> About this task:
Scan the data below for the string "sigma". Copy every line where it appears.
++++++++++++++++++++
lemma poly_E1_in_span:
  assumes "degree g \<le> m" and "m \<le> D"
  shows "\<exists>c. map_matrix (poly g) (E 1) = (\<Sum>h\<le>m. mscale (c h) (E h))"
  using assms
proof (induction m arbitrary: g)
  case 0
  obtain p where "degree p = 0" and E0: "E 0 = map_matrix (poly p) (E 1)"
    using E_eq_poly_E1 by blast
  then have p: "p = [:coeff p 0:]" and g: "g = [:coeff g 0:]"
    using "0.prems"(1) by (simp_all add: degree_0_id)
  have "coeff p 0 \<noteq> 0"
    using E_neq_0[of 0] E0 by (subst (asm) p) (auto simp: vec_eq_iff)
  then have "map_matrix (poly g) (E 1) = mscale (coeff g 0 / coeff p 0) (E 0)"
    by (subst g, subst E0, subst p) (simp add: vec_eq_iff)
  then show ?case
    by auto
next
  case (Suc m)
  obtain p where deg_p: "degree p = Suc m" and Ep: "E (Suc m) = map_matrix (poly p) (E 1)"
    using E_eq_poly_E1 Suc.prems(2) by blast
  define r where "r = coeff g (Suc m) / lead_coeff p"
  have "degree (g - smult r p) \<le> m"
    unfolding r_def using Suc.prems(1) deg_p by (rule degree_cancel_leading_le)
  then obtain c where c: "map_matrix (poly (g - smult r p)) (E 1) = (\<Sum>h\<le>m. mscale (c h) (E h))"
    using Suc.IH[of "g - smult r p"] Suc.prems(2) Suc_leD by blast
  have "map_matrix (poly g) (E 1) = map_matrix (poly (g - smult r p)) (E 1) + mscale r (E (Suc m))"
    by (simp add: vec_eq_iff Ep)
  also have "\<dots> = (\<Sum>h\<le>Suc m. mscale ((c(Suc m := r)) h) (E h))"
    by (simp only: c sum.atMost_Suc fun_upd_same) (simp cong: sum.cong_simp)
  finally show ?case
    by blast
qed

lemma poly_E1_mult_E_eq_0:
  assumes "degree g < l" and "l \<le> D"
  shows "map_matrix (poly g) (E 1) ** E l = 0"
proof -
  obtain c where "map_matrix (poly g) (E 1) = (\<Sum>h\<le>degree g. mscale (c h) (E h))"
    using poly_E1_in_span assms by fastforce
  then show ?thesis
    using assms by (simp add: span_E_mult_E)
qed

lemma E_mult_poly_E1:
  assumes "j \<le> D" and "degree g \<le> D"
  shows "\<exists>\<beta>. E j ** map_matrix (poly g) (E 1) = mscale \<beta> (E j)"
proof -
  obtain c where "map_matrix (poly g) (E 1) = (\<Sum>h\<le>degree g. mscale (c h) (E h))"
    using poly_E1_in_span assms by blast
  then have "E j ** map_matrix (poly g) (E 1) = mscale (if j \<le> degree g then c j else 0) (E j)"
    using assms by (simp add: E_mult_span_E)
  then show ?thesis
    by blast
qed

lemma hadamard_E_mult_E_eq_0:
  assumes "h \<le> D" and "j \<le> D" and "l \<le> D" and "h + j < l"
  shows "(\<chi> a b. E h $ a $ b * E j $ a $ b) ** E l = 0"
proof -
  obtain p q where p: "degree p = h" "E h = map_matrix (poly p) (E 1)"
    and q: "degree q = j" "E j = map_matrix (poly q) (E 1)"
    using E_eq_poly_E1 assms(1,2) by metis
  have "(\<chi> a b. E h $ a $ b * E j $ a $ b) = map_matrix (poly (p * q)) (E 1)"
    by (simp add: vec_eq_iff p(2) q(2))
  moreover have "degree (p * q) < l"
    using degree_mult_le[of p q] p(1) q(1) assms(4) by linarith
  ultimately show ?thesis
    using poly_E1_mult_E_eq_0 assms(3) by metis
qed

lemma E_diag_row_E_eq_0:
  assumes "h \<le> D" and "j \<le> D" and "l \<le> D" and "h + j < l"
  shows "E j ** diag_row (E h) x ** E l = 0"
proof -
  \<comment> \<open>The entries \<open>T x y z\<close> are real, and their squares add up to the trace of \<open>(E\<^sub>h \<circ> E\<^sub>j) E\<^sub>l\<close>.\<close>
  define T where "T x y z = (E j ** diag_row (E h) x ** E l) $ y $ z" for x y z
  have T_sq: "(T x y z)\<^sup>2 = complex_of_real ((Re (T x y z))\<^sup>2)" for x y z
  proof -
    have "cnj (T x y z) = T x y z"
      using assms by (simp add: T_def matrix_mult_diag_row_mult)
    then show ?thesis
      by (metis Reals_cnj_iff of_real_Re of_real_power)
  qed
  have "(\<Sum>y\<in>UNIV. \<Sum>z\<in>UNIV. \<Sum>x\<in>UNIV. (T x y z)\<^sup>2)
      = (\<Sum>w\<in>UNIV. \<Sum>w'\<in>UNIV. E h $ w $ w' * E j $ w $ w' * E l $ w $ w')"
    unfolding T_def using assms by (intro sum_sq_sandwich_diag_row) (simp_all add: transpose_E E_mult_E)
  also have "\<dots> = (\<Sum>w\<in>UNIV. ((\<chi> a b. E h $ a $ b * E j $ a $ b) ** E l) $ w $ w)"
    using transpose_eq_selfD[OF transpose_E[OF assms(3)]] by (simp add: matrix_matrix_mult_def)
  also have "\<dots> = 0"
    using hadamard_E_mult_E_eq_0[OF assms] by simp
  finally have "(\<Sum>y\<in>UNIV. \<Sum>z\<in>UNIV. \<Sum>x\<in>UNIV. (Re (T x y z))\<^sup>2) = 0"
    by (simp only: T_sq of_real_sum[symmetric] of_real_eq_0_iff)
  then have "Re (T x y z) = 0" for x y z
    by (simp add: sum_nonneg_eq_0_iff sum_nonneg)
  then show ?thesis
    using T_sq by (simp add: vec_eq_iff T_def)
qed

lemma E_diag_row_poly_E_eq_0:
  assumes "j \<le> D" and "l \<le> D" and "degree g + j < l"
  shows "E j ** diag_row (map_matrix (poly g) (E 1)) x ** E l = 0"
proof -
  obtain c where "map_matrix (poly g) (E 1) = (\<Sum>h\<le>degree g. mscale (c h) (E h))"
    using poly_E1_in_span assms by fastforce
  then have "E j ** diag_row (map_matrix (poly g) (E 1)) x ** E l
      = (\<Sum>h\<le>degree g. mscale (c h) (E j ** diag_row (E h) x ** E l))"
    by (simp add: diag_row_sum diag_row_mscale matrix_mult_sum sum_matrix_mult
        matrix_mult_mscale mscale_matrix_mult)
  also have "\<dots> = 0"
    using assms by (intro sum.neutral ballI) (simp add: E_diag_row_E_eq_0)
  finally show ?thesis .
qed

lemma degree_poly_vanishing_on_E1:
  assumes "q \<noteq> 0" and "\<And>a b. poly q (E 1 $ a $ b) = 0"
  shows "D < degree q"
proof (rule ccontr)
  assume "\<not> D < degree q"
  have "0 < degree q"
  proof (rule ccontr)
    assume "\<not> 0 < degree q"
    then obtain c where "q = [:c:]"
      by (metis degree_eq_zeroE gr0I)
    then show False
      using assms by simp
  qed
  \<comment> \<open>Reduced modulo \<open>q\<close>, \<open>E\<^sub>D\<close> becomes a polynomial of degree \<open>< D\<close> in \<open>E\<^sub>1\<close>, which \<open>E\<^sub>D\<close> annihilates.\<close>
  obtain p where "degree p = D" and p: "E D = map_matrix (poly p) (E 1)"
    using E_eq_poly_E1 by blast
  have E_D: "E D = map_matrix (poly (p mod q)) (E 1)"
    by (simp add: vec_eq_iff p poly_mod assms(2) del: One_nat_def)
  have "degree (p mod q) < D"
    using degree_mod_less[OF assms(1), of p] \<open>0 < degree q\<close> \<open>\<not> D < degree q\<close> by auto
  then have "map_matrix (poly (p mod q)) (E 1) ** E D = 0"
    by (intro poly_E1_mult_E_eq_0) simp_all
  then have "E D ** E D = 0"
    by (simp only: E_D[symmetric])
  then show False
    using E_mult_E[of D D] E_neq_0[of D] by simp
qed

lemma E1_class_values:
  assumes "1 \<le> D"
  obtains \<theta> where "\<And>a b. E 1 $ a $ b = \<theta> (rel_class a b)" and "inj_on \<theta> {..D}"
proof -
  obtain \<theta> where \<theta>: "\<And>a b. E 1 $ a $ b = \<theta> (rel_class a b)"
    using E_in_bose_mesner[OF assms] by (auto simp: bose_mesner_iff)
  define q where "q = (\<Prod>t\<in>\<theta> ` {..D}. [:- t, 1:])"
  have "q \<noteq> 0"
    by (simp add: q_def)
  moreover have "poly q (E 1 $ a $ b) = 0" for a b
    unfolding q_def poly_prod \<theta> using rel_class_le[of a b] by auto
  ultimately have "D < degree q"
    by (rule degree_poly_vanishing_on_E1)
  also have "degree q \<le> card (\<theta> ` {..D})"
    unfolding q_def using degree_prod_sum_le[of "\<theta> ` {..D}" "\<lambda>t. [:- t, 1:]"] by simp
  finally have "card {..D} \<le> card (\<theta> ` {..D})"
    by simp
  then have "inj_on \<theta> {..D}"
    using card_image_le[of "{..D}" \<theta>] by (simp add: eq_card_imp_inj_on)
  with \<theta> show thesis
    by (rule that)
qed

lemma E_diag_row_poly_collinear:
  assumes "1 \<le> D" and "j \<le> D" and "degree g \<le> D"
    and "\<And>l. 1 \<le> l \<Longrightarrow> l \<le> D \<Longrightarrow> E l *v v \<noteq> 0 \<Longrightarrow> degree g + j < l"
  shows "\<exists>\<beta>. E j *v (diag_row (map_matrix (poly g) (E 1)) x *v v) = \<beta> *s (E j *v axis x 1)"
proof -
  define G where "G = map_matrix (poly g) (E 1)"
  define \<sigma> where "\<sigma> = (\<Sum>u\<in>UNIV. v $ u) / of_nat CARD('x)"
  have high: "(E j ** diag_row G x ** E l) *v v = 0" if "l \<in> {1..D}" for l
  proof (cases "E l *v v = 0")
    case True
    then show ?thesis
      by (simp flip: matrix_vector_mul_assoc)
  next
    case False
    then have "degree g + j < l"
      using assms(4) that by simp
    then have "E j ** diag_row G x ** E l = 0"
      using assms(2) that by (simp add: G_def E_diag_row_poly_E_eq_0 del: One_nat_def)
    then show ?thesis
      by simp
  qed
  have "E j *v (diag_row G x *v v) = (\<Sum>l\<le>D. (E j ** diag_row G x ** E l) *v v)"
    by (subst (1) sum_E_matrix_vector_mult[symmetric, of v])
      (simp add: matrix_vector_mult_sum matrix_vector_mul_assoc matrix_mul_assoc)
  also have "\<dots> = (E j ** diag_row G x ** E 0) *v v"
    using high by (simp add: atMost_atLeast0 sum.atLeast_Suc_atMost)
  also have "\<dots> = E j *v (\<sigma> *s (G *v axis x 1))"
  proof -
    have "transpose G = G"
      using transpose_E[OF assms(1)] by (simp add: G_def vec_eq_iff transpose_def)
    then show ?thesis
      by (simp add: \<sigma>_def diag_row_mult_E_0_mult flip: matrix_vector_mul_assoc)
  qed
  also have "\<dots> = \<sigma> *s ((E j ** G) *v axis x 1)"
    by (simp add: matrix_vector_mult_scalar matrix_vector_mul_assoc)
  finally show ?thesis
    using E_mult_poly_E1[OF assms(2,3)]
    by (auto simp: G_def mscale_matrix_vector_mult vector_smult_assoc)
qed

lemma ex_poly_E1_indicator:
  assumes "S \<subseteq> {1..D}" and "k \<in> S"
  obtains g where "degree g < card S"
    and "\<And>a b. rel_class a b = k \<Longrightarrow> poly g (E 1 $ a $ b) = 1"
    and "\<And>a b. rel_class a b \<in> S - {k} \<Longrightarrow> poly g (E 1 $ a $ b) = 0"
proof -
  have "1 \<le> D" and "finite S"
    using assms by (auto simp: finite_subset)
  then obtain \<theta> where \<theta>: "\<And>a b. E 1 $ a $ b = \<theta> (rel_class a b)" and "inj_on \<theta> {..D}"
    using E1_class_values by blast
  then have "\<theta> k \<notin> \<theta> ` (S - {k})"
    using assms by (auto simp: inj_on_def subset_iff)
  then obtain g where deg: "degree g \<le> card (\<theta> ` (S - {k}))" and g1: "poly g (\<theta> k) = 1"
    and g0: "\<And>t. t \<in> \<theta> ` (S - {k}) \<Longrightarrow> poly g t = 0"
    using ex_poly_indicator[of "\<theta> ` (S - {k})" "\<theta> k"] \<open>finite S\<close> by blast
  show thesis
  proof (rule that)
    show "degree g < card S"
      using deg card_image_le[of "S - {k}" \<theta>] card_Diff1_less[OF \<open>finite S\<close> assms(2)] \<open>finite S\<close>
      by simp
    show "poly g (E 1 $ a $ b) = 1" if "rel_class a b = k" for a b
      unfolding \<theta> using that g1 by simp
    show "poly g (E 1 $ a $ b) = 0" if "rel_class a b \<in> S - {k}" for a b
      unfolding \<theta> using that g0 by simp
  qed
qed

lemma E_dual_idem_collinear:
  assumes "k \<le> D" and "j \<le> D" and "j + s_x D A x v \<le> dual_min_dist D E v"
  shows "\<exists>\<beta>. E j *v (dual_idem A k x *v v) = \<beta> *s (E j *v axis x 1)"
proof (cases "k = 0 \<or> dual_idem A k x *v v = 0")
  case True
  then show ?thesis
    by (metis dual_idem_0_mult matrix_vector_mult_0_right matrix_vector_mult_scalar vector_smult_lzero)
next
  case False
  define S where "S = {i \<in> {1..D}. dual_idem A i x *v v \<noteq> 0}"
  have "S \<subseteq> {1..D}" and "k \<in> S"
    using False assms(1) by (auto simp: S_def)
  then obtain g where "degree g < card S"
    and g1: "\<And>a b. rel_class a b = k \<Longrightarrow> poly g (E 1 $ a $ b) = 1"
    and g0: "\<And>a b. rel_class a b \<in> S - {k} \<Longrightarrow> poly g (E 1 $ a $ b) = 0"
    using ex_poly_E1_indicator by blast
  then have deg: "degree g < s_x D A x v"
    by (simp add: s_x_def S_def)
  define G where "G = map_matrix (poly g) (E 1)"
  have psi: "dual_idem A k x *v v = diag_row G x *v v - (G $ x $ x * v $ x) *s axis x 1"
    using False assms(1)
    by (intro dual_idem_eq_diag_row_indicator) (auto simp: G_def S_def g1 g0 simp del: One_nat_def)
  have "s_x D A x v \<le> D"
    using card_mono[OF _ \<open>S \<subseteq> {1..D}\<close>] by (simp add: s_x_def S_def)
  have "\<exists>\<beta>. E j *v (diag_row G x *v v) = \<beta> *s (E j *v axis x 1)"
    unfolding G_def
  proof (rule E_diag_row_poly_collinear)
    show "1 \<le> D" "j \<le> D" "degree g \<le> D"
      using \<open>k \<in> S\<close> \<open>S \<subseteq> {1..D}\<close> assms(2) deg \<open>s_x D A x v \<le> D\<close> by auto
  next
    fix l assume "1 \<le> l" and "l \<le> D" and "E l *v v \<noteq> 0"
    then have "dual_min_dist D E v \<le> l"
      by (auto simp: dual_min_dist_def intro!: Min_le)
    then show "degree g + j < l"
      using deg assms(3) by linarith
  qed
  then obtain \<beta> where "E j *v (diag_row G x *v v) = \<beta> *s (E j *v axis x 1)"
    by blast
  then have "E j *v (dual_idem A k x *v v) = (\<beta> - G $ x $ x * v $ x) *s (E j *v axis x 1)"
    by (simp add: psi matrix_vector_mult_diff_distrib matrix_vector_mult_scalar vec_eq_iff algebra_simps)
  then show ?thesis
    by blast
qed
++++++++++++++++++++
> Answer space:
  define \<sigma> where "\<sigma> = (\<Sum>u\<in>UNIV. v $ u) / of_nat CARD('x)"
  also have "\<dots> = E j *v (\<sigma> *s (G *v axis x 1))"
      by (simp add: \<sigma>_def diag_row_mult_E_0_mult flip: matrix_vector_mul_assoc)
  also have "\<dots> = \<sigma> *s ((E j ** G) *v axis x 1)"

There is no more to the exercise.